» **Input for this task**
(* Let $N=2^n$ and let $C=\sum_{k=0}^{d}c_k\mathcal{P}^k$ be an $N\times N$ circulant matrix. Then $C$, normalized by $K=\max_{z\in\mathbb{T}}|\sum_{k=0}^d c_kz^k|$ (i.e. $C/K$), can be implemented (as the top-left block, with respect to one ancilla qubit, of a unitary circuit) using $\mathcal{O}(d\log N+\log^2N)$ 1- and 2-qubit gates.
   Context: $\mathbb{T}=\{z\in\mathbb{C}:|z|=1\}$. $\mathcal{P}=\sum_{j=0}^{N-1}|j+1 \bmod N\rangle\langle j|$ is the cyclic permutation (cyclic shift) matrix on $n$ qubits. Gates are arbitrary 1- and 2-qubit unitaries. *)

theory Defs
  imports Complex_Main
begin

text \<open>Matrices of size m x m are represented as functions nat => nat => complex;
  only entries with indices < m are meaningful. A register of q qubits has
  dimension 2^q; bit b of a basis index j is (j div 2^b) mod 2.\<close>

type_synonym cmat = "nat \<Rightarrow> nat \<Rightarrow> complex"

definition mat_mult :: "nat \<Rightarrow> cmat \<Rightarrow> cmat \<Rightarrow> cmat" where
  "mat_mult m A B = (\<lambda>i j. \<Sum>k<m. A i k * B k j)"

definition mat_id :: "nat \<Rightarrow> cmat" where
  "mat_id m = (\<lambda>i j. if i < m \<and> j < m \<and> i = j then 1 else 0)"

fun mat_pow :: "nat \<Rightarrow> cmat \<Rightarrow> nat \<Rightarrow> cmat" where
  "mat_pow m A 0 = mat_id m"
| "mat_pow m A (Suc k) = mat_mult m A (mat_pow m A k)"

definition unitary_mat :: "nat \<Rightarrow> cmat \<Rightarrow> bool" where
  "unitary_mat m U \<longleftrightarrow>
     (\<forall>i<m. \<forall>j<m. (\<Sum>k<m. cnj (U k i) * U k j) = (if i = j then 1 else 0))"

definition bit :: "nat \<Rightarrow> nat \<Rightarrow> nat" where
  "bit b j = (j div 2 ^ b) mod 2"

definition one_qubit_gate :: "nat \<Rightarrow> nat \<Rightarrow> cmat \<Rightarrow> cmat" where
  "one_qubit_gate q a U = (\<lambda>i j.
     if i < 2 ^ q \<and> j < 2 ^ q \<and> (\<forall>b<q. b \<noteq> a \<longrightarrow> bit b i = bit b j)
     then U (bit a i) (bit a j) else 0)"

definition two_qubit_gate :: "nat \<Rightarrow> nat \<Rightarrow> nat \<Rightarrow> cmat \<Rightarrow> cmat" where
  "two_qubit_gate q a b U = (\<lambda>i j.
     if i < 2 ^ q \<and> j < 2 ^ q \<and> (\<forall>c<q. c \<noteq> a \<longrightarrow> c \<noteq> b \<longrightarrow> bit c i = bit c j)
     then U (2 * bit a i + bit b i) (2 * bit a j + bit b j) else 0)"

definition elementary_gate :: "nat \<Rightarrow> cmat \<Rightarrow> bool" where
  "elementary_gate q G \<longleftrightarrow>
     (\<exists>a U. a < q \<and> unitary_mat 2 U \<and> G = one_qubit_gate q a U) \<or>
     (\<exists>a b U. a < q \<and> b < q \<and> a \<noteq> b \<and> unitary_mat 4 U \<and> G = two_qubit_gate q a b U)"

definition circuit_matrix :: "nat \<Rightarrow> cmat list \<Rightarrow> cmat" where
  "circuit_matrix q gs = foldr (mat_mult (2 ^ q)) gs (mat_id (2 ^ q))"

definition cyc_shift :: "nat \<Rightarrow> cmat" where
  "cyc_shift N = (\<lambda>i j. if i < N \<and> j < N \<and> i = (j + 1) mod N then 1 else 0)"

definition circulant :: "nat \<Rightarrow> nat \<Rightarrow> (nat \<Rightarrow> complex) \<Rightarrow> cmat" where
  "circulant N d c = (\<lambda>i j. \<Sum>k\<le>d. c k * mat_pow N (cyc_shift N) k i j)"

definition circ_norm :: "nat \<Rightarrow> (nat \<Rightarrow> complex) \<Rightarrow> real" where
  "circ_norm d c = (SUP z\<in>{z::complex. cmod z = 1}. cmod (\<Sum>k\<le>d. c k * z ^ k))"

end

theory Submission
  imports Defs "HOL-Computational_Algebra.Fundamental_Theorem_Algebra"
begin

text \<open>A circulant matrix is diagonalised by the Fourier transform, \<open>C = F diag(p(\<omega> ^ k)) F\<^sup>*\<close>
  with \<open>p(z) = \<Sum>\<^sub>k c\<^sub>k z ^ k\<close> and \<open>\<omega> = exp(2\<pi>i / N)\<close>, and \<open>F\<close> takes \<open>O(log\<^sup>2 N)\<close> gates.
  The diagonal of \<open>P(\<omega> ^ k)\<close>, where \<open>P = p / K\<close> is bounded by \<open>1\<close> on the unit circle, is
  block-encoded on one ancilla by quantum signal processing: by the Fejer--Riesz theorem there is
  a polynomial \<open>Q\<close> of degree \<open>d\<close> with \<open>|P|\<^sup>2 + |Q|\<^sup>2 = 1\<close> on the circle, and then \<open>(P, Q)\<^sup>T\<close>
  is the first column of \<open>R\<^sub>0 D(z) R\<^sub>1 \<dots> D(z) R\<^sub>d\<close> with unitary \<open>2 \<times> 2\<close> matrices \<open>R\<^sub>i\<close>
  and \<open>D(z) = diag(1, z)\<close>. For \<open>z = \<omega> ^ k\<close>, controlled on the register value \<open>k\<close>, each \<open>D(z)\<close>
  is a product of \<open>log N\<close> controlled phases, which gives \<open>O(d log N)\<close> further gates.\<close>

section \<open>Binary digits\<close>

lemma bit_less_2 [simp]: "bit b i < 2"
  by (simp add: bit_def)

lemma bit_0_or_1: "bit b i = 0 \<or> bit b i = 1"
  unfolding bit_def by presburger

lemma mod_power_Suc_bit: "i mod 2 ^ Suc n = i mod 2 ^ n + bit n i * 2 ^ n"
proof -
  have "i mod (2 ^ n * 2) = 2 ^ n * (i div 2 ^ n mod 2) + i mod 2 ^ n"
    by (rule mod_mult2_eq)
  then show ?thesis
    by (simp add: bit_def power_Suc2 mult.commute)
qed

lemma mod_power_eq_sum_bits: "i mod 2 ^ n = (\<Sum>l<n. bit l i * 2 ^ l)"
proof (induction n)
  case (Suc n)
  then show ?case
    using mod_power_Suc_bit[of i n] by simp
qed simp

lemma eq_sum_bits: "i < 2 ^ n \<Longrightarrow> i = (\<Sum>l<n. bit l i * 2 ^ l)"
  using mod_power_eq_sum_bits[of i n] by simp

lemma bits_eq_imp_eq:
  assumes "i < 2 ^ q" "k < 2 ^ q" "\<forall>b<q. bit b i = bit b k"
  shows "i = k"
  using eq_sum_bits[OF assms(1)] eq_sum_bits[OF assms(2)] assms(3) by simp

lemma bit_mod_power: "b < n \<Longrightarrow> bit b (i mod 2 ^ n) = bit b i"
proof -
  assume "b < n"
  then have split: "(2::nat) ^ n = 2 ^ b * 2 ^ (n - b)"
    by (simp flip: power_add)
  have "(i mod 2 ^ n) div 2 ^ b = i div 2 ^ b mod 2 ^ (n - b)"
    unfolding split mod_mult2_eq by simp
  moreover have "(2::nat) dvd 2 ^ (n - b)"
    using \<open>b < n\<close> by simp
  ultimately show ?thesis
    unfolding bit_def by (simp add: mod_mod_cancel)
qed

lemma bit_div_power: "bit b (i div 2 ^ n) = bit (b + n) i"
  by (simp add: bit_def power_add div_mult2_eq[symmetric] mult.commute)

lemma bit_eq_0_if_less_power: "i < 2 ^ n \<Longrightarrow> n \<le> b \<Longrightarrow> bit b i = 0"
  by (metis bit_def div_less less_le_trans mod_0 one_le_numeral power_increasing)

lemma bit_concat:
  assumes "L < 2 ^ a" "x < 2"
  shows "bit b (L + x * 2 ^ a + H * 2 ^ Suc a) =
     (if b < a then bit b L else if b = a then x else bit (b - a - 1) H)"
proof -
  define T where "T = L + x * 2 ^ a + H * 2 ^ Suc a"
  have T: "T = L + 2 ^ a * (x + 2 * H)"
    unfolding T_def by (simp add: algebra_simps)
  consider "b < a" | "b = a" | "a < b"
    by linarith
  then show ?thesis
  proof cases
    case 1
    have "T mod 2 ^ a = L"
      unfolding T using assms by simp
    then show ?thesis
      using bit_mod_power[OF 1, of T] 1 by (simp add: T_def)
  next
    case 2
    have "T div 2 ^ a = x + 2 * H"
      unfolding T using assms by simp
    then show ?thesis
      using bit_div_power[of 0 T a] 2 assms by (simp add: T_def bit_def)
  next
    case 3
    have "T div 2 ^ a div 2 = H"
      unfolding T using assms by simp
    then have "T div 2 ^ Suc a = H"
      by (metis div_mult2_eq power_Suc2)
    then show ?thesis
      using bit_div_power[of "b - a - 1" T "Suc a"] 3 by (simp add: T_def)
  qed
qed

definition upd_bit :: "nat \<Rightarrow> nat \<Rightarrow> nat \<Rightarrow> nat" where
  "upd_bit a x i = i mod 2 ^ a + x * 2 ^ a + (i div 2 ^ Suc a) * 2 ^ Suc a"

lemma upd_bit_self: "upd_bit a (bit a i) i = i"
proof -
  have "i = i mod 2 ^ Suc a + (i div 2 ^ Suc a) * 2 ^ Suc a"
    by (metis mod_div_mult_eq)
  then show ?thesis
    unfolding upd_bit_def mod_power_Suc_bit by simp
qed

lemma bit_upd_bit: "x < 2 \<Longrightarrow> bit b (upd_bit a x i) = (if b = a then x else bit b i)"
  using bit_concat[of "i mod 2 ^ a" a x b "i div 2 ^ Suc a"]
    bit_concat[of "i mod 2 ^ a" a "bit a i" b "i div 2 ^ Suc a"]
  unfolding upd_bit_def[symmetric] upd_bit_self by auto

lemma upd_bit_less:
  assumes "i < 2 ^ q" "a < q" "x < 2"
  shows "upd_bit a x i < 2 ^ q"
proof -
  define H where "H = i div 2 ^ Suc a"
  have q: "(2::nat) ^ q = 2 ^ (q - Suc a) * 2 ^ Suc a"
    using assms by (metis Suc_leI le_add_diff_inverse2 power_add)
  have "H < 2 ^ (q - Suc a)"
    unfolding H_def using assms q by (simp add: div_less_iff_less_mult)
  then have high: "(H + 1) * 2 ^ Suc a \<le> 2 ^ q"
    unfolding q by (intro mult_le_mono1) simp
  have "x * 2 ^ a \<le> 2 ^ a"
    using assms by simp
  moreover have "i mod 2 ^ a < 2 ^ a"
    by simp
  ultimately have "i mod 2 ^ a + x * 2 ^ a < 2 ^ Suc a"
    by (simp only: power_Suc)
  then have "upd_bit a x i < (H + 1) * 2 ^ Suc a"
    unfolding upd_bit_def H_def by (simp add: algebra_simps)
  with high show ?thesis
    by simp
qed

» **What this task involves**
In the records above, some lines hold the word "high"; copy each such line.

» **Your response**
  then have high: "(H + 1) * 2 ^ Suc a \<le> 2 ^ q"
  with high show ?thesis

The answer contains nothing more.